Stored items
****

lemma pG_le_MaxCut:
  fixes x :: "real^'n::finite"
  defines "N \<equiv> real CARD('n)"
  assumes "regular_graph 3 E" and "0 < k" and "2 * ln 2 / real k \<le> \<delta>"
    and "norm x = 1" and "l1norm x \<le> N / sqrt (N + \<delta>)"
  shows "pG E k x \<le> MaxCut E"
proof -
  let ?P = "\<Prod>i\<in>UNIV. (N * (x$i)^2) ^ k"
  have "x \<bullet> x = 1"
    using assms(5) power2_norm_eq_inner[of x] by simp
  then have "quad_form (QG E) x \<le> 1"
    using quad_form_QG_le[OF assms(2), of x] by simp
  moreover have "0 \<le> ?P"
    by (intro prod_nonneg) (simp add: N_def)
  ultimately have "pG E k x \<le> ?P"
    unfolding pG_def N_def using mult_right_mono[of _ 1] by fastforce
  also have "\<dots> \<le> 1/2"
    using prod_scaled_sq_pow_le_half[OF assms(3,4)] assms(6) unfolding N_def .
  also have "\<dots> \<le> MaxCut E"
    using assms(2) unfolding regular_graph_def by (blast intro: MaxCut_ge_half)
  finally show ?thesis .
qed

lemma Opt_attained:
  obtains x :: "real^'n::finite" where "norm x = 1" and "pG E k x = Opt E k"
    and "\<And>y. norm y = 1 \<Longrightarrow> pG E k y \<le> pG E k x"
proof -
  let ?S = "sphere (0 :: real^'n) 1"
  have "compact ?S" and "?S \<noteq> {}"
    by simp_all
  then obtain x where x: "x \<in> ?S" and max: "\<forall>y\<in>?S. pG E k y \<le> pG E k x"
    using continuous_attains_sup[OF _ _ continuous_on_pG] by metis
  have "Opt E k = pG E k x"
    unfolding Opt_def using x max by (intro cSup_eq_maximum) auto
  with x max show ?thesis
    by (intro that) auto
qed

lemma MaxCut_le_Opt: "MaxCut E \<le> Opt E k"
proof -
  obtain s where s: "s \<in> cut_vectors" and "quad_form (QG E) s = MaxCut E"
    by (rule MaxCut_attained)
  then have "MaxCut E = pG E k s"
    by (simp add: pG_cut_vector)
  moreover obtain x where "norm x = 1" and "pG E k x = Opt E k"
    and "\<And>y. norm y = 1 \<Longrightarrow> pG E k y \<le> pG E k x"
    using Opt_attained[where E = E and k = k] by metis
  ultimately show ?thesis
    using norm_cut_vector[OF s] by simp
qed

theorem mainTheorem18:
  fixes E :: "'n::finite \<Rightarrow> 'n \<Rightarrow> bool" and k :: nat and \<delta> :: real
  assumes "regular_graph 3 E"
    and "k > 0"
    and "2 * ln 2 / real k \<le> \<delta>" and "\<delta> < real CARD('n)"
  defines "\<eta> \<equiv> real CARD('n) / sqrt (real CARD('n) + \<delta>)"
  shows "(\<forall>x :: real^'n. norm x = 1 \<and> l1norm x \<le> \<eta> \<longrightarrow>
            pG E k x \<le> MaxCut E \<and> MaxCut E \<le> Opt E k)
     \<and> (\<exists>x\<in>{x :: real^'n. norm x = 1 \<and> l1norm x \<ge> \<eta>}. pG E k x = Opt E k
           \<and> (\<forall>y\<in>{x :: real^'n. norm x = 1 \<and> l1norm x \<ge> \<eta>}. pG E k y \<le> pG E k x))"
proof -
  have "0 \<le> 2 * ln 2 / real k"
    by simp
  then have \<delta>: "0 \<le> \<delta>"
    using assms(3) by linarith
  have below_MaxCut: "pG E k x \<le> MaxCut E" if "norm x = 1" "l1norm x \<le> \<eta>" for x :: "real^'n"
    using pG_le_MaxCut[OF assms(1-3) that[unfolded \<eta>_def]] .
  obtain x :: "real^'n" where x: "norm x = 1" and Opt: "pG E k x = Opt E k"
    and max: "\<And>y. norm y = 1 \<Longrightarrow> pG E k y \<le> pG E k x"
    using Opt_attained[where E = E and k = k] by metis
  have "\<exists>z. norm z = 1 \<and> \<eta> \<le> l1norm z \<and> pG E k z = Opt E k"
  proof (cases "\<eta> \<le> l1norm x")
    case True
    with x Opt show ?thesis
      by blast
  next
    case False
    obtain s where s: "s \<in> cut_vectors" and "quad_form (QG E) s = MaxCut E"
      by (rule MaxCut_attained)
    then have "pG E k s = Opt E k"
      using below_MaxCut[OF x] False MaxCut_le_Opt[of E k] Opt by (simp add: pG_cut_vector)
    with s show ?thesis
      unfolding \<eta>_def using norm_cut_vector l1norm_cut_vector_ge[OF \<delta>] by blast
  qed
  then show ?thesis
    using below_MaxCut MaxCut_le_Opt[of E k] max Opt by auto
qed

end
lemma norm_ideal_prod_ge_iff_localize:
  assumes I: "ideal_of UNIV I" and J: "ideal_of UNIV J"
    and inv: "invertible_mod S M (ideal_prod UNIV I J)"
  shows "finite (cosets_in (localize S M) (ideal_prod (localize S M) (extension S M I) (extension S M J)))
      \<longleftrightarrow> finite (cosets_in UNIV (ideal_prod UNIV I J))"
    "norm_idx (localize S M) (ideal_prod (localize S M) (extension S M I) (extension S M J))
        \<ge> norm_idx (localize S M) (extension S M I) * norm_idx (localize S M) (extension S M J)
      \<longleftrightarrow> norm_idx UNIV (ideal_prod UNIV I J) \<ge> norm_idx UNIV I * norm_idx UNIV J"
proof -
  have invI: "invertible_mod S M I" and invJ: "invertible_mod S M J"
    using invertible_mod_mono[OF inv ideal_prod_subset_left[OF I subset_UNIV]]
      invertible_mod_mono[OF inv ideal_prod_subset_right[OF J subset_UNIV]] .
  note prod = extension_ideal_prod[OF I J, symmetric]
  show "finite (cosets_in (localize S M) (ideal_prod (localize S M) (extension S M I) (extension S M J)))
      \<longleftrightarrow> finite (cosets_in UNIV (ideal_prod UNIV I J))"
    unfolding prod by (rule cosets_in_extension(1)[OF ideal_prod_ideal_UNIV inv])
  show "norm_idx (localize S M) (ideal_prod (localize S M) (extension S M I) (extension S M J))
        \<ge> norm_idx (localize S M) (extension S M I) * norm_idx (localize S M) (extension S M J)
      \<longleftrightarrow> norm_idx UNIV (ideal_prod UNIV I J) \<ge> norm_idx UNIV I * norm_idx UNIV J"
    unfolding prod cosets_in_extension(2)[OF ideal_prod_ideal_UNIV inv]
      cosets_in_extension(2)[OF I invI] cosets_in_extension(2)[OF J invJ] ..
qed
lemma laplacian_Qmat_entry:
  fixes W :: "real^'n^'n"
  assumes "\<forall>i j. 0 \<le> W$i$j"
  shows "(laplacian W ** Qmat W k) $ i $ j
       = (\<Sum>G\<in>{G \<in> forests W (Suc k). i \<in> Domain G}.
            weight W G * (of_bool (i = j) - root_matrix G $ i $ j))"
proof -
  let ?c = "\<lambda>F. weight W F * (laplacian W ** root_matrix F) $ i $ j"
  have "(laplacian W ** Qmat W k) $ i $ j = (\<Sum>F\<in>forests W k. ?c F)"
    by (simp add: Qmat_eq_sum_root_matrix matrix_mult_sum_scaleR_right sum_component)
  also have "\<dots> = (\<Sum>F\<in>{F \<in> forests W k. i \<in> Domain F}. ?c F)
      + (\<Sum>F\<in>{F \<in> forests W k. i \<notin> Domain F}. ?c F)"
    by (rule sum_filter_split) simp
  also have "(\<Sum>F\<in>{F \<in> forests W k. i \<in> Domain F}. ?c F) = 0"
  proof (cases k)
    case 0
    then have "{F \<in> forests W k. i \<in> Domain F} = {}" by (auto simp: forests_0)
    then show ?thesis by (simp only: sum.empty)
  next
    case (Suc k')
    have "(\<Sum>F\<in>{F \<in> forests W (Suc k'). i \<in> Domain F}. ?c F)
        = (\<Sum>H\<in>{H \<in> forests W k'. i \<notin> Domain H}. \<Sum>m\<in>attach_targets W H i. ?c (insert (i, m) H))"
      by (rule sum_forests_Domain)
    also have "\<dots> = 0"
      by (rule sum.neutral) (simp add: sum_weighted_laplacian_root_matrix_attached[OF assms] forests_def)
    finally show ?thesis using Suc by simp
  qed
  also have "(\<Sum>F\<in>{F \<in> forests W k. i \<notin> Domain F}. ?c F)
      = (\<Sum>G\<in>{G \<in> forests W (Suc k). i \<in> Domain G}.
            weight W G * (of_bool (i = j) - root_matrix G $ i $ j))"
    unfolding sum_forests_Domain
    by (rule sum.cong) (simp_all add: weighted_laplacian_root_matrix_sink[OF assms] forests_def)
  finally show ?thesis by simp
qed

lemma Qmat_Suc:
  fixes W :: "real^'n^'n"
  assumes "\<forall>i j. 0 \<le> W$i$j"
  shows "Qmat W (Suc k) = sigma W (Suc k) *\<^sub>R mat 1 + (- laplacian W) ** Qmat W k"
proof -
  have "Qmat W (Suc k) $ i $ j + (laplacian W ** Qmat W k) $ i $ j = sigma W (Suc k) * of_bool (i = j)"
    for i j
  proof -
    let ?D = "{G \<in> forests W (Suc k). i \<in> Domain G}"
      and ?S = "{G \<in> forests W (Suc k). i \<notin> Domain G}"
    have "Qmat W (Suc k) $ i $ j = (\<Sum>G\<in>forests W (Suc k). weight W G * root_matrix G $ i $ j)"
      by (simp add: Qmat_eq_sum_root_matrix sum_component)
    also have "\<dots> = (\<Sum>G\<in>?D. weight W G * root_matrix G $ i $ j)
        + (\<Sum>G\<in>?S. weight W G * root_matrix G $ i $ j)"
      by (rule sum_filter_split) simp
    finally have Q: "Qmat W (Suc k) $ i $ j = \<dots>" .
    have "root_matrix G $ i $ j = of_bool (i = j)" if "G \<in> ?S" for G
      using that root_matrix_root[of G i i j] unfolding forests_def forest_def by simp
    then have S: "(\<Sum>G\<in>?S. weight W G * root_matrix G $ i $ j) = (\<Sum>G\<in>?S. weight W G * of_bool (i = j))"
      by (intro sum.cong) auto
    have L: "(laplacian W ** Qmat W k) $ i $ j
        = (\<Sum>G\<in>?D. weight W G * of_bool (i = j)) - (\<Sum>G\<in>?D. weight W G * root_matrix G $ i $ j)"
      by (simp add: laplacian_Qmat_entry[OF assms] right_diff_distrib sum_subtractf)
    have "sigma W (Suc k) * of_bool (i = j)
        = (\<Sum>G\<in>?D. weight W G * of_bool (i = j)) + (\<Sum>G\<in>?S. weight W G * of_bool (i = j))"
      unfolding sigma_eq_sum_forests sum_distrib_right by (rule sum_filter_split) simp
    then show ?thesis using Q S L by simp
  qed
  then show ?thesis
    by (simp add: vec_eq_iff matrix_matrix_mult_def mat_def sum_negf algebra_simps)
qed

lemma matpow_Suc_left: "matpow A (Suc m) = A ** matpow A m"
proof (induction m)
  case 0
  then show ?case by simp
next
  case (Suc m)
  then show ?case by (metis matpow.simps(2) matrix_mul_assoc)
qed

lemma matpow_recurrence:
  fixes A :: "real^'n^'n"
  assumes "X 0 = c 0 *\<^sub>R mat 1"
    and "\<And>k. X (Suc k) = c (Suc k) *\<^sub>R mat 1 + A ** X k"
  shows "X k = (\<Sum>i\<le>k. c (k - i) *\<^sub>R matpow A i)"
proof (induction k)
  case 0
  then show ?case using assms(1) by simp
next
  case (Suc k)
  have "(\<Sum>i\<le>Suc k. c (Suc k - i) *\<^sub>R matpow A i)
      = c (Suc k) *\<^sub>R mat 1 + (\<Sum>i\<le>k. c (k - i) *\<^sub>R matpow A (Suc i))"
    by (simp only: sum.atMost_Suc_shift diff_Suc_Suc diff_zero matpow.simps(1))
  also have "\<dots> = c (Suc k) *\<^sub>R mat 1 + A ** (\<Sum>i\<le>k. c (k - i) *\<^sub>R matpow A i)"
    by (simp only: matrix_mult_sum_scaleR_right matpow_Suc_left)
  finally show ?case using Suc assms(2) by simp
qed

theorem proposition6:
  fixes W :: "real^'n^'n" and k :: nat
  assumes "CARD('n) > 1"
    and "\<forall>i. W$i$i = 0"
    and "\<forall>i j. W$i$j \<ge> 0"
  shows "Qmat W k = (\<Sum>i\<le>k. sigma W (k - i) *\<^sub>R matpow (- laplacian W) i)"
proof (rule matpow_recurrence)
  show "Qmat W 0 = sigma W 0 *\<^sub>R mat 1"
    by (simp add: Qmat_eq_sum_root_matrix sigma_eq_sum_forests forests_0 root_matrix_empty weight_def)
  show "Qmat W (Suc k) = sigma W (Suc k) *\<^sub>R mat 1 + (- laplacian W) ** Qmat W k" for k
    using Qmat_Suc[OF assms(3)] .
qed

end
lemma odd_part_le:
  fixes D :: real assumes "D \<ge> 0"
  shows "((D + 1) ^ (m + 2) - (D - 1) ^ (m + 2)) / 2 \<le> 2 ^ (m + 2) * (D + 1) * (D ^ m + 1)"
proof -
  define n where "n = m + 2"
  define T where "T k = real (n choose k) * D ^ k * (1 - (-1) ^ (n - k))" for k
  have "(D + 1) ^ n - (D - 1) ^ n = (\<Sum>k\<le>n. T k)"
    unfolding binomial_plus_minus_one T_def by (simp add: sum_subtractf[symmetric] algebra_simps)
  also have "\<dots> = (\<Sum>k\<le>Suc m. T k)" by (simp add: n_def T_def)
  also have "\<dots> \<le> (\<Sum>k\<le>Suc m. 2 * ((D + 1) * (D ^ m + 1)) * real (n choose k))"
  proof (rule sum_mono)
    fix k assume k: "k \<in> {..Suc m}"
    have "0 \<le> 1 - (-1::real) ^ (n - k)" "1 - (-1::real) ^ (n - k) \<le> 2"
      by (cases "even (n - k)"; simp)+
    hence "real (n choose k) * D ^ k * (1 - (-1::real) ^ (n - k))
        \<le> real (n choose k) * ((D + 1) * (D ^ m + 1)) * 2"
      using power_le_Suc_power[OF assms, of k m] k assms by (intro mult_mono) auto
    thus "T k \<le> 2 * ((D + 1) * (D ^ m + 1)) * real (n choose k)"
      unfolding T_def by (simp only: mult_ac)
  qed
  also have "\<dots> \<le> 2 * ((D + 1) * (D ^ m + 1)) * 2 ^ n"
    unfolding sum_distrib_left[symmetric]
    using sum_choose_le[of "Suc m" n] assms by (intro mult_left_mono) (auto simp: n_def)
  finally show ?thesis by (simp add: n_def algebra_simps)
qed

lemma odd_part_nonpos:
  fixes D :: real assumes "D \<le> 0" "even n" shows "(D + 1) ^ n - (D - 1) ^ n \<le> 0"
proof -
  have "\<bar>D + 1\<bar> ^ n \<le> \<bar>D - 1\<bar> ^ n" using assms by (intro power_mono) auto
  thus ?thesis using assms by (metis diff_le_0_iff_le power_even_abs)
qed

text \<open>Here D = a - y is the displacement of the walk now at a \<ge> 0 from its start y \<ge> 0.\<close>
lemma max_odd_part_div_le:
  fixes D a :: real assumes "even m" "D \<le> a" "0 \<le> a"
  shows "max (((D + 1) ^ (m + 2) - (D - 1) ^ (m + 2)) / 2) 0 / (a + 1) \<le> 2 ^ (m + 2) * (D ^ m + 1)"
proof (cases "D \<ge> 0")
  case True
  have Dm: "0 \<le> D ^ m" using assms(1) by (simp add: zero_le_even_power)
  have "max (((D + 1) ^ (m + 2) - (D - 1) ^ (m + 2)) / 2) 0 \<le> 2 ^ (m + 2) * (D ^ m + 1) * (D + 1)"
    using odd_part_le[OF True, of m] True Dm by (simp add: algebra_simps)
  also have "\<dots> \<le> 2 ^ (m + 2) * (D ^ m + 1) * (a + 1)"
    using assms Dm by (intro mult_left_mono) auto
  finally show ?thesis using assms(3) by (simp add: divide_le_eq)
next
  case False
  thus ?thesis
    using odd_part_nonpos[of D "m + 2"] assms zero_le_even_power[of m D] by simp
qed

****

THE PROBLEM: Find every line above where the word "defines" occurs, and copy that line.

TASK ANSWER:
  defines "N \<equiv> real CARD('n)"
  defines "\<eta> \<equiv> real CARD('n) / sqrt (real CARD('n) + \<delta>)"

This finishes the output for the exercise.